Collected data entries
--------------------------------

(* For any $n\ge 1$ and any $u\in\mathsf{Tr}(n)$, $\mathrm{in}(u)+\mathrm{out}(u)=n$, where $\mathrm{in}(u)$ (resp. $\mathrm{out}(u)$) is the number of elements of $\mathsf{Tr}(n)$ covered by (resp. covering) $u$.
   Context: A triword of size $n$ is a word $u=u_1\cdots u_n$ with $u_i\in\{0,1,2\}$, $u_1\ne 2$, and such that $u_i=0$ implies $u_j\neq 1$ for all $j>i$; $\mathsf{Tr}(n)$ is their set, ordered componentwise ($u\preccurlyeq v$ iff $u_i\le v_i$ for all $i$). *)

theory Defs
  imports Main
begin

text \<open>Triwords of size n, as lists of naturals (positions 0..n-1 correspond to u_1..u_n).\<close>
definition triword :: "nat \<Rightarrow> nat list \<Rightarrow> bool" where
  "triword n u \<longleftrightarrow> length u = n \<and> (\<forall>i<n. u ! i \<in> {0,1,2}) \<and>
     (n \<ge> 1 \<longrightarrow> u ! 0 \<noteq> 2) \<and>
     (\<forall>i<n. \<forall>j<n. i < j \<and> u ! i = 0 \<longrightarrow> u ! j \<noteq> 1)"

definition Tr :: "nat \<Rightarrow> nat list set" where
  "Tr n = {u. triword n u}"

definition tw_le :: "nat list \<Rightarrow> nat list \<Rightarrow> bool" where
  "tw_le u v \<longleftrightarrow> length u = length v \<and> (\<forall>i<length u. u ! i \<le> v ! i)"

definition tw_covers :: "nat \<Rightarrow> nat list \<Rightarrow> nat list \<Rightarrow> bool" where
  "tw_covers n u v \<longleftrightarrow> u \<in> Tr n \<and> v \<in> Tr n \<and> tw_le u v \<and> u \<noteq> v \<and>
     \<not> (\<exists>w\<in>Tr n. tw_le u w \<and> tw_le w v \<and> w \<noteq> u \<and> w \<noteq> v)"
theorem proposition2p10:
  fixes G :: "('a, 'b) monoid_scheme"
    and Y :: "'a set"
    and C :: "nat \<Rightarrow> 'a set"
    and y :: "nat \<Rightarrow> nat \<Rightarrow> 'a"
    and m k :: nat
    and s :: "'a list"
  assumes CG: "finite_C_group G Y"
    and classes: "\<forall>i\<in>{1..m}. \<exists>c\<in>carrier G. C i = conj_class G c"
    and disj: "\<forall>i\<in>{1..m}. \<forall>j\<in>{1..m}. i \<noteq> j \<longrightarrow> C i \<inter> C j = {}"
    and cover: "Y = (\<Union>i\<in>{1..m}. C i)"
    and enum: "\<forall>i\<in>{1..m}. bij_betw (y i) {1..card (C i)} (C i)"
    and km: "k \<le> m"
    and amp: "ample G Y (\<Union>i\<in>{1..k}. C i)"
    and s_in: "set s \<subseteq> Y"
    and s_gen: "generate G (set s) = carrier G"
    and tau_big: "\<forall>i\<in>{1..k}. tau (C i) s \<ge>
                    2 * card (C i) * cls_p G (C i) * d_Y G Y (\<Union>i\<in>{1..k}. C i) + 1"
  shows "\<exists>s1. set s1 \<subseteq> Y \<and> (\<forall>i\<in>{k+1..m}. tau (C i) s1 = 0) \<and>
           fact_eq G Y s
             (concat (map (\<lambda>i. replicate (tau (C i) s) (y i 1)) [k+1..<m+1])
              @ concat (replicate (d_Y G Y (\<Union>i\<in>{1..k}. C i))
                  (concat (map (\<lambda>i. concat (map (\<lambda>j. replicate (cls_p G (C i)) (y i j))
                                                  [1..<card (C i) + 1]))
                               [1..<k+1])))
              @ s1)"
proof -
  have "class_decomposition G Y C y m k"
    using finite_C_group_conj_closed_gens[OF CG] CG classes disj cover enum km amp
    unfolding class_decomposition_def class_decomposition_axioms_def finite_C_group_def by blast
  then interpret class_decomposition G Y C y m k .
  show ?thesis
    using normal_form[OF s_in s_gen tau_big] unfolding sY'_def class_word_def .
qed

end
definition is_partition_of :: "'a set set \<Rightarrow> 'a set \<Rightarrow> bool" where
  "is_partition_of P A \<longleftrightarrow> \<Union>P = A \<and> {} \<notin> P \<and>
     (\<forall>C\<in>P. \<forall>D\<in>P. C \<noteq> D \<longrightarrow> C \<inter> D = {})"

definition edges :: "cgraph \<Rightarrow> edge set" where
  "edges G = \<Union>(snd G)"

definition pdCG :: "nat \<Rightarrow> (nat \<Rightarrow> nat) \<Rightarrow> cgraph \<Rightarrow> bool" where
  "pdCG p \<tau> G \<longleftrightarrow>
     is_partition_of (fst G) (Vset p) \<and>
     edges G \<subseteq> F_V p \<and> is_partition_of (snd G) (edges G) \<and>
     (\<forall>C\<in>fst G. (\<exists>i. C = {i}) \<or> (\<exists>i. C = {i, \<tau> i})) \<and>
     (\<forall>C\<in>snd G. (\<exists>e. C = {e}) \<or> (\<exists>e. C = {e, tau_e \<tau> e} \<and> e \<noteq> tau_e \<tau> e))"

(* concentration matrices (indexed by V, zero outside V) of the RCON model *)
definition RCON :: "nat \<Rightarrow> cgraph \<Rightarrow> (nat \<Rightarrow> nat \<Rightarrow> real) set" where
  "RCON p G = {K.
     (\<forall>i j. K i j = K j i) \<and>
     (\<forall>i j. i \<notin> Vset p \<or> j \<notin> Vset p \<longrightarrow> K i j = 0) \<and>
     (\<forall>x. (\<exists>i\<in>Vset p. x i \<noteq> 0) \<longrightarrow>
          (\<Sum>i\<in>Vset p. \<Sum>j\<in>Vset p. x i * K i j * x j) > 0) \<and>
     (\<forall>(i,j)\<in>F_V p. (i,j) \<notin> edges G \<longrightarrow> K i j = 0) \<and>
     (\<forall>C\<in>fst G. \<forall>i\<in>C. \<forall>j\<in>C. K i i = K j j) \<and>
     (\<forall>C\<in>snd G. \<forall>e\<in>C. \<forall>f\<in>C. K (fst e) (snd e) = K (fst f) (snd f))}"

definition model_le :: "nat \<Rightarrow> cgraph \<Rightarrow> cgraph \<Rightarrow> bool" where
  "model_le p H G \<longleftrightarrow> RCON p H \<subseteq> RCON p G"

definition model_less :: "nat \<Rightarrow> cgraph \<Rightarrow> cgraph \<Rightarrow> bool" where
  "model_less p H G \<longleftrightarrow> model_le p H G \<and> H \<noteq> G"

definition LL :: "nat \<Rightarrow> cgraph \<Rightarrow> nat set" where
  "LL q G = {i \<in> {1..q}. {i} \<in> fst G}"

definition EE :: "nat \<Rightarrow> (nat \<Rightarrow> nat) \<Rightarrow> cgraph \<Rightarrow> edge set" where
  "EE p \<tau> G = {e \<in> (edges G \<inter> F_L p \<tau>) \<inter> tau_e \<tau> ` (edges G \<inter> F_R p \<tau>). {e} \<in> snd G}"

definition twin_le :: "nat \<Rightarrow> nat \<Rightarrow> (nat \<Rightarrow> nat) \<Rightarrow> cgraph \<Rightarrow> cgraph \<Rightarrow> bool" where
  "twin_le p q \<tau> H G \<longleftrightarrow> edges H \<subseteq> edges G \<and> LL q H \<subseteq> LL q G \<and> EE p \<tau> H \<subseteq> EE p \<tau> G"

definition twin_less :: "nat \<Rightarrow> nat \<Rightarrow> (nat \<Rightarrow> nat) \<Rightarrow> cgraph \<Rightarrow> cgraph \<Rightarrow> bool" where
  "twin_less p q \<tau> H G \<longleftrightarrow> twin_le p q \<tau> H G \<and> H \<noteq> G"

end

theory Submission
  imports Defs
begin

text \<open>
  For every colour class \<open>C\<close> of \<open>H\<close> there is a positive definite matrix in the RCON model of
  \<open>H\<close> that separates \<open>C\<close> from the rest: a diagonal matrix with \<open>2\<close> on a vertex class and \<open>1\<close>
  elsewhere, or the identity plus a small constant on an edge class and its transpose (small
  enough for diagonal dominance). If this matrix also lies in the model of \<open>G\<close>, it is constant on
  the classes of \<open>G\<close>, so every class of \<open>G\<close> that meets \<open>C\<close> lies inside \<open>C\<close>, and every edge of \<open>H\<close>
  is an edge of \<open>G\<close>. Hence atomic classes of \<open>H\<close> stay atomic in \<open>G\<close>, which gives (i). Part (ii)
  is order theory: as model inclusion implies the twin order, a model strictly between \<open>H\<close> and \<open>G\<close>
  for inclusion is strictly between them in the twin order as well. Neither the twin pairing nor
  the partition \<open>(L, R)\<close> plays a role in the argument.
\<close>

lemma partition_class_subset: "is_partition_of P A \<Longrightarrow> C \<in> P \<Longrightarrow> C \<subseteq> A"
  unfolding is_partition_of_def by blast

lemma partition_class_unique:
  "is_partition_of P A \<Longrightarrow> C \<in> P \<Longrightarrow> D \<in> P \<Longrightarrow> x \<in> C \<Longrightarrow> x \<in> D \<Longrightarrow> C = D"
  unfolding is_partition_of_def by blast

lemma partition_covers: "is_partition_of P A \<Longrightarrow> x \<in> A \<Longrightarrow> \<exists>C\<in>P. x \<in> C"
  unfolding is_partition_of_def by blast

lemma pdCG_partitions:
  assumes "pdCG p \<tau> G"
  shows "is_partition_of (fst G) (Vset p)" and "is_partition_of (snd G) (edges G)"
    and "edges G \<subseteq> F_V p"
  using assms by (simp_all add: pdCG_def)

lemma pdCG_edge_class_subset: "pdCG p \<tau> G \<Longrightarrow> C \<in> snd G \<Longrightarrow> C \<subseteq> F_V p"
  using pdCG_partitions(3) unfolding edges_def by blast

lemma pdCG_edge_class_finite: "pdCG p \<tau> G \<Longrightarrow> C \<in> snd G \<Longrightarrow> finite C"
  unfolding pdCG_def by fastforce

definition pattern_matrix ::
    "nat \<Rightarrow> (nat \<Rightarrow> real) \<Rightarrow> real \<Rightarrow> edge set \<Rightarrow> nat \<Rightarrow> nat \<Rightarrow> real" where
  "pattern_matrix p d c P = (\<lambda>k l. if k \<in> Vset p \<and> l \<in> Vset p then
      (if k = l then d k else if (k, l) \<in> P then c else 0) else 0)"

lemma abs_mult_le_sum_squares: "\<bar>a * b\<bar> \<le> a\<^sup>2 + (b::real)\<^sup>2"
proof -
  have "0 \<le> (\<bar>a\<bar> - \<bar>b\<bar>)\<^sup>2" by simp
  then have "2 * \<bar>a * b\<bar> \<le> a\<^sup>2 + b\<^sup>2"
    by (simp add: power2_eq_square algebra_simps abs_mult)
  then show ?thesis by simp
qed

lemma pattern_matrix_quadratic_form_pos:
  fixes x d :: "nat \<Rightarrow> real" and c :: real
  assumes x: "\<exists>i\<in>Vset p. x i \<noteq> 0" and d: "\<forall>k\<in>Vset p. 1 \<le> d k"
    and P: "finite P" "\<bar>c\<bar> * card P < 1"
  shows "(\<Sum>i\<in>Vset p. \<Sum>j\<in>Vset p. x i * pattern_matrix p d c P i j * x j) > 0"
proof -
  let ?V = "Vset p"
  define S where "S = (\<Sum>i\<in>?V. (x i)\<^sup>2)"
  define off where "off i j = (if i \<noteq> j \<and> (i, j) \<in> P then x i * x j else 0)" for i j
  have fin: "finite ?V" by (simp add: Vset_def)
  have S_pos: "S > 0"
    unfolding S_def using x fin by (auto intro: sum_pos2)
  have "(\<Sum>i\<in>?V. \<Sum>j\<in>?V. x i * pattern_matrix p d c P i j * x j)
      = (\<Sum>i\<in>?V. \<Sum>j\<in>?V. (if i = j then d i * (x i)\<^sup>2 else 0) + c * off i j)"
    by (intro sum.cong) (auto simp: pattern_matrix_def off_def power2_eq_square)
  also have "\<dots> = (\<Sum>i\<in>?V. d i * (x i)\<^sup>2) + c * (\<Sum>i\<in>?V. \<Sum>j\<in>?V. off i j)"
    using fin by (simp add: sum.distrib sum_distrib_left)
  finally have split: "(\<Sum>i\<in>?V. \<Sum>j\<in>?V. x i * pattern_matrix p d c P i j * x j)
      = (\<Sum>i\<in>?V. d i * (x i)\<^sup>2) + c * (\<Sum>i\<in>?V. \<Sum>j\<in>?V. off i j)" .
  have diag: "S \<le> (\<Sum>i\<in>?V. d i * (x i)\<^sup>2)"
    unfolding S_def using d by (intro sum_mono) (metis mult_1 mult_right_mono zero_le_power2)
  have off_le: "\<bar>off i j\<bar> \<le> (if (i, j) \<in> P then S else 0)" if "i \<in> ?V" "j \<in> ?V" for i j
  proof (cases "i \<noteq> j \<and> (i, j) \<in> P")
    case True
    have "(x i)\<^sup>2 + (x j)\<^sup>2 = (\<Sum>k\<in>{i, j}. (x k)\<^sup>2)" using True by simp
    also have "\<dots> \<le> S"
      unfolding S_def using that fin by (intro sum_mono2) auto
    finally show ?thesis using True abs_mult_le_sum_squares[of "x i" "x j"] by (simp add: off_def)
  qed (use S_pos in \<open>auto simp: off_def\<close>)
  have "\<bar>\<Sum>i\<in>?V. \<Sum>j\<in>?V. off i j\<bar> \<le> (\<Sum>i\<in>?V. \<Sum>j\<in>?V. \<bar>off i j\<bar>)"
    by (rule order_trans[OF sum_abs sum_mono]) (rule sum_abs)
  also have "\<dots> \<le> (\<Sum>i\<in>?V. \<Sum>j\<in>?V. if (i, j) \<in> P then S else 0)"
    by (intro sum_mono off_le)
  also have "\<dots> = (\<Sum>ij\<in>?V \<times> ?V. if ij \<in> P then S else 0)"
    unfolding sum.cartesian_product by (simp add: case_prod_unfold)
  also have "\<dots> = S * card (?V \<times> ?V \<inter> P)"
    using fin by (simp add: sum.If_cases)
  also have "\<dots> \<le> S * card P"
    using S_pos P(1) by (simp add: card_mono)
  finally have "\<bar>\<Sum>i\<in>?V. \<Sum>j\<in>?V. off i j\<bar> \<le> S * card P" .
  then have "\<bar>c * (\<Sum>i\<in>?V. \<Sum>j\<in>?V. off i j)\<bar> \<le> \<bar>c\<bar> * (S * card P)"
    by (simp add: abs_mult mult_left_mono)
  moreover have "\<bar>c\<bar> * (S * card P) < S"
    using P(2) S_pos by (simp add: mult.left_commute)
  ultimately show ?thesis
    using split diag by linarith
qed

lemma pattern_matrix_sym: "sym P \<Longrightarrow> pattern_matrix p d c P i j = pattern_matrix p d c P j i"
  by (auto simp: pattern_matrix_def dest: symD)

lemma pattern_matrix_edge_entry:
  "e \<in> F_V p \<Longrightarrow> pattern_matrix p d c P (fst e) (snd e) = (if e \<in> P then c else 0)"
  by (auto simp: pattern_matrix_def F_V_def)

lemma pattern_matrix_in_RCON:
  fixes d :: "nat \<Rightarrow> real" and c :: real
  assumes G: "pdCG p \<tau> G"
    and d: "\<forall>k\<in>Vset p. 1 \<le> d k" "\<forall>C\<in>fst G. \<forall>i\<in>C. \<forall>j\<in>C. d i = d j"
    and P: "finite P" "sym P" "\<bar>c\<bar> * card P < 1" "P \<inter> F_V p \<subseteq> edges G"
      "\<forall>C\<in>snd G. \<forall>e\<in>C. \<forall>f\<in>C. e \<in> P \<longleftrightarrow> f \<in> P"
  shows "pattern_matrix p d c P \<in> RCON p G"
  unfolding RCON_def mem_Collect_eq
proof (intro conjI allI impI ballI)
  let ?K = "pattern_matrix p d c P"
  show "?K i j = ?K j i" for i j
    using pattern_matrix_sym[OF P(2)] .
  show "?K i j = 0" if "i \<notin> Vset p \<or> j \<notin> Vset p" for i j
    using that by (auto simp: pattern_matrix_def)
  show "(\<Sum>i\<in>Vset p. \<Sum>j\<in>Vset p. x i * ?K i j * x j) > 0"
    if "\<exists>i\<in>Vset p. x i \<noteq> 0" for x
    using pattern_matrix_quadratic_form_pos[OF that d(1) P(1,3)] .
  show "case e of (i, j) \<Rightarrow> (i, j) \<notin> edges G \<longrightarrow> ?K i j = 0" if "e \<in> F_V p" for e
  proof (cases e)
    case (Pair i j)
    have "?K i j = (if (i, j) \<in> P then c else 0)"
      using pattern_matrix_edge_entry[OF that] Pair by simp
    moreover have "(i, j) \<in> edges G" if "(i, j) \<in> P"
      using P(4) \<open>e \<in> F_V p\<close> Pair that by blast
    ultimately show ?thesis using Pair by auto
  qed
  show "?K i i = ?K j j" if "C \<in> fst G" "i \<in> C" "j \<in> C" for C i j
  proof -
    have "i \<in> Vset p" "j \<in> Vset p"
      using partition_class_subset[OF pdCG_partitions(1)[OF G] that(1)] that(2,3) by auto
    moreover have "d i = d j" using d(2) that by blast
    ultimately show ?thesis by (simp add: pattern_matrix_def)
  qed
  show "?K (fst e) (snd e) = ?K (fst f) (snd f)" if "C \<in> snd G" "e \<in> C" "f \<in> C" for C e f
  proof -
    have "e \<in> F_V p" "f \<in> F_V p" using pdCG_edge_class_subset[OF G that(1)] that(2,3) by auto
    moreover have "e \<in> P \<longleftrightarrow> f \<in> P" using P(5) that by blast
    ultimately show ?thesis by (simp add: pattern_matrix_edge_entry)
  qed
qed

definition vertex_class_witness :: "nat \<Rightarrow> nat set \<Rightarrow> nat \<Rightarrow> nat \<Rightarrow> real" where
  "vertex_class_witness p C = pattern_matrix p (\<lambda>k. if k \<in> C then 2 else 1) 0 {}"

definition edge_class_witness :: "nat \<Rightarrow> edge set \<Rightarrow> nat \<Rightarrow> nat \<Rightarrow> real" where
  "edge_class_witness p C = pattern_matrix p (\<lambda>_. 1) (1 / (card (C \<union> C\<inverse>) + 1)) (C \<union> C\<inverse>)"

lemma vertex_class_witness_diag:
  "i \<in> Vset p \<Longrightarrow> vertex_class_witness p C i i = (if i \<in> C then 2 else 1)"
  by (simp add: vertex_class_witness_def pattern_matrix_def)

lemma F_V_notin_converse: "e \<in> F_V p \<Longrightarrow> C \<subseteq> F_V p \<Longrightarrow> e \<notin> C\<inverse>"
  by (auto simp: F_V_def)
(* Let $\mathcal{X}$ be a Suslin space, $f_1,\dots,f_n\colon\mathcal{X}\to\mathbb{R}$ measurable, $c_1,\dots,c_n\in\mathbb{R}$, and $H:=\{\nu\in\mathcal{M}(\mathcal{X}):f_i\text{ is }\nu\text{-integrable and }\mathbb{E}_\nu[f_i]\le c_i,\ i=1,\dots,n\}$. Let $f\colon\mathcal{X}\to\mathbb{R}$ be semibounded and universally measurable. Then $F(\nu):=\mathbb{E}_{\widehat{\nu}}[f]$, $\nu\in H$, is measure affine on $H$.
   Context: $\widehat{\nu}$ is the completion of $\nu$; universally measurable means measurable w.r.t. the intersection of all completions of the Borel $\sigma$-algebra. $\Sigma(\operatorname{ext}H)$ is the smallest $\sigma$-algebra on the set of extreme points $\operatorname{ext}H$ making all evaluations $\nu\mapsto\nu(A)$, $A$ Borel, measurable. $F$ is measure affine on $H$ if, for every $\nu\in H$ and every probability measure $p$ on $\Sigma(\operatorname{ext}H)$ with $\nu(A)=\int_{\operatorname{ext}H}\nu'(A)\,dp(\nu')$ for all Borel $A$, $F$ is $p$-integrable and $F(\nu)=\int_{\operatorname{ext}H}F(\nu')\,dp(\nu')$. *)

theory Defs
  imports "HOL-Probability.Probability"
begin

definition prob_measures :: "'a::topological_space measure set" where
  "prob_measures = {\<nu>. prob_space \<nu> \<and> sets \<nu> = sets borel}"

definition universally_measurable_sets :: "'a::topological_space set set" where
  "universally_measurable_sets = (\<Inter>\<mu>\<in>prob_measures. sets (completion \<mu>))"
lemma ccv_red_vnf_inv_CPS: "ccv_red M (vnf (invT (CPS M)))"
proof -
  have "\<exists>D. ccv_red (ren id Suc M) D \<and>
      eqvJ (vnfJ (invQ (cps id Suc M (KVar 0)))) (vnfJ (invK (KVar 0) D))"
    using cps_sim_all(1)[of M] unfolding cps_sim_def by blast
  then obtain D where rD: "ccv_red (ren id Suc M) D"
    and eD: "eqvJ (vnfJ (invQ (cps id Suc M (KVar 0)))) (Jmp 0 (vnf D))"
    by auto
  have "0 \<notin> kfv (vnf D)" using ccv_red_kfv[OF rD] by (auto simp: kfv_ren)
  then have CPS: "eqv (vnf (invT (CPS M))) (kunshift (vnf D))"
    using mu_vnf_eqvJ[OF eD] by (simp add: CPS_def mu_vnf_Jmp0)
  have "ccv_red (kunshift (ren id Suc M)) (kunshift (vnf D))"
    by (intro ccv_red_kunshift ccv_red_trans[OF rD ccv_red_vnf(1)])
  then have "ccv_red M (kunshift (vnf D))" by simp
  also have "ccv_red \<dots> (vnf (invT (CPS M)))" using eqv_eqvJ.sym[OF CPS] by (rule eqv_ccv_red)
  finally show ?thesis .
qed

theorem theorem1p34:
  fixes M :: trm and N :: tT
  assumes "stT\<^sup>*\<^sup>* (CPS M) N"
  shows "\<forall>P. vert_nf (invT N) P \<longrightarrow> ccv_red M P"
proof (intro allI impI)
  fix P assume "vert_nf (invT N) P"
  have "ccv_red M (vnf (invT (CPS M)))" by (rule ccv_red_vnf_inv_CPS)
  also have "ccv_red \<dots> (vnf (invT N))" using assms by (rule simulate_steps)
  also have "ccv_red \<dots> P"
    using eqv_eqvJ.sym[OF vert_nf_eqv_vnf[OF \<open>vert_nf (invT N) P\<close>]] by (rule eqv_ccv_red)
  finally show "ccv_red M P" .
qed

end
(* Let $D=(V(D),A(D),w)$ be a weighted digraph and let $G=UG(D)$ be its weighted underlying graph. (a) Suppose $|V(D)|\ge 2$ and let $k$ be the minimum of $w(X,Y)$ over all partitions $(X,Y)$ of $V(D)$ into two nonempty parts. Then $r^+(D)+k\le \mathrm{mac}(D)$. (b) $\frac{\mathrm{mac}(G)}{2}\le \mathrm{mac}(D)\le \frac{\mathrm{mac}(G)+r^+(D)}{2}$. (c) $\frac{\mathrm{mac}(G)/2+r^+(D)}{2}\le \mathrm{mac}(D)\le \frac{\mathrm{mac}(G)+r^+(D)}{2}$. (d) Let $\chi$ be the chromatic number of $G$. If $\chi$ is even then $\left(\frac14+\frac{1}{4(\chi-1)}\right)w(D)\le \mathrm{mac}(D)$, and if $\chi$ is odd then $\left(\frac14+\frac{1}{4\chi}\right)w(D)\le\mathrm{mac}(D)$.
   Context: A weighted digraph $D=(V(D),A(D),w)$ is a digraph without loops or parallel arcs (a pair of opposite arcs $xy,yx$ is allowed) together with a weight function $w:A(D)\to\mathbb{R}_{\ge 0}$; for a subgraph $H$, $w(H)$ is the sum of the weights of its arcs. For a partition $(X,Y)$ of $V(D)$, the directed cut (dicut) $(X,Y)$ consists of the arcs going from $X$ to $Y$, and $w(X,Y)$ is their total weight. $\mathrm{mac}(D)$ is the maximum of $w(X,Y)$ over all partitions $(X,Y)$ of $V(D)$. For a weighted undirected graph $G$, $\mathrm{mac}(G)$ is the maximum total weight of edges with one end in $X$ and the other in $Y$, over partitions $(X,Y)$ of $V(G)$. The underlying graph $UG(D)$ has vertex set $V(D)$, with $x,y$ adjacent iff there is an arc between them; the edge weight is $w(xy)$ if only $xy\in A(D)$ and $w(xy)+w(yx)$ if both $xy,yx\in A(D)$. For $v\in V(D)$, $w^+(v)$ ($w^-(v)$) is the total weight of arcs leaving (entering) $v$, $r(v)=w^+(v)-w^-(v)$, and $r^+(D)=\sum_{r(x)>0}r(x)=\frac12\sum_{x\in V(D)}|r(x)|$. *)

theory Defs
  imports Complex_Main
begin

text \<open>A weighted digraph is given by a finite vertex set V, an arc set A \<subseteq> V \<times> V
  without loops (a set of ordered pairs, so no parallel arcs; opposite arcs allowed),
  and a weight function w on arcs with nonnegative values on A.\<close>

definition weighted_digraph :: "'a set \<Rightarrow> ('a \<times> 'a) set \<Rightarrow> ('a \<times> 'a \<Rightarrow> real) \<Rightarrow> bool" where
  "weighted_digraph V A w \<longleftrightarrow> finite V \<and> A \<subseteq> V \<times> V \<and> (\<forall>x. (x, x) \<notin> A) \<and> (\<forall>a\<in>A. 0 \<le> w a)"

--------------------------------

> [Task item]:
Return a word-for-word copy of the lines above from the one holding "(\<forall>(i,j)\<in>F_V p. (i,j)" through the one holding "class and \<open>1\<close>", with both of them included and nothing besides.

> [Response]:
     (\<forall>(i,j)\<in>F_V p. (i,j) \<notin> edges G \<longrightarrow> K i j = 0) \<and>
     (\<forall>C\<in>fst G. \<forall>i\<in>C. \<forall>j\<in>C. K i i = K j j) \<and>
     (\<forall>C\<in>snd G. \<forall>e\<in>C. \<forall>f\<in>C. K (fst e) (snd e) = K (fst f) (snd f))}"

definition model_le :: "nat \<Rightarrow> cgraph \<Rightarrow> cgraph \<Rightarrow> bool" where
  "model_le p H G \<longleftrightarrow> RCON p H \<subseteq> RCON p G"

definition model_less :: "nat \<Rightarrow> cgraph \<Rightarrow> cgraph \<Rightarrow> bool" where
  "model_less p H G \<longleftrightarrow> model_le p H G \<and> H \<noteq> G"

definition LL :: "nat \<Rightarrow> cgraph \<Rightarrow> nat set" where
  "LL q G = {i \<in> {1..q}. {i} \<in> fst G}"

definition EE :: "nat \<Rightarrow> (nat \<Rightarrow> nat) \<Rightarrow> cgraph \<Rightarrow> edge set" where
  "EE p \<tau> G = {e \<in> (edges G \<inter> F_L p \<tau>) \<inter> tau_e \<tau> ` (edges G \<inter> F_R p \<tau>). {e} \<in> snd G}"

definition twin_le :: "nat \<Rightarrow> nat \<Rightarrow> (nat \<Rightarrow> nat) \<Rightarrow> cgraph \<Rightarrow> cgraph \<Rightarrow> bool" where
  "twin_le p q \<tau> H G \<longleftrightarrow> edges H \<subseteq> edges G \<and> LL q H \<subseteq> LL q G \<and> EE p \<tau> H \<subseteq> EE p \<tau> G"

definition twin_less :: "nat \<Rightarrow> nat \<Rightarrow> (nat \<Rightarrow> nat) \<Rightarrow> cgraph \<Rightarrow> cgraph \<Rightarrow> bool" where
  "twin_less p q \<tau> H G \<longleftrightarrow> twin_le p q \<tau> H G \<and> H \<noteq> G"

end

theory Submission
  imports Defs
begin

text \<open>
  For every colour class \<open>C\<close> of \<open>H\<close> there is a positive definite matrix in the RCON model of
  \<open>H\<close> that separates \<open>C\<close> from the rest: a diagonal matrix with \<open>2\<close> on a vertex class and \<open>1\<close>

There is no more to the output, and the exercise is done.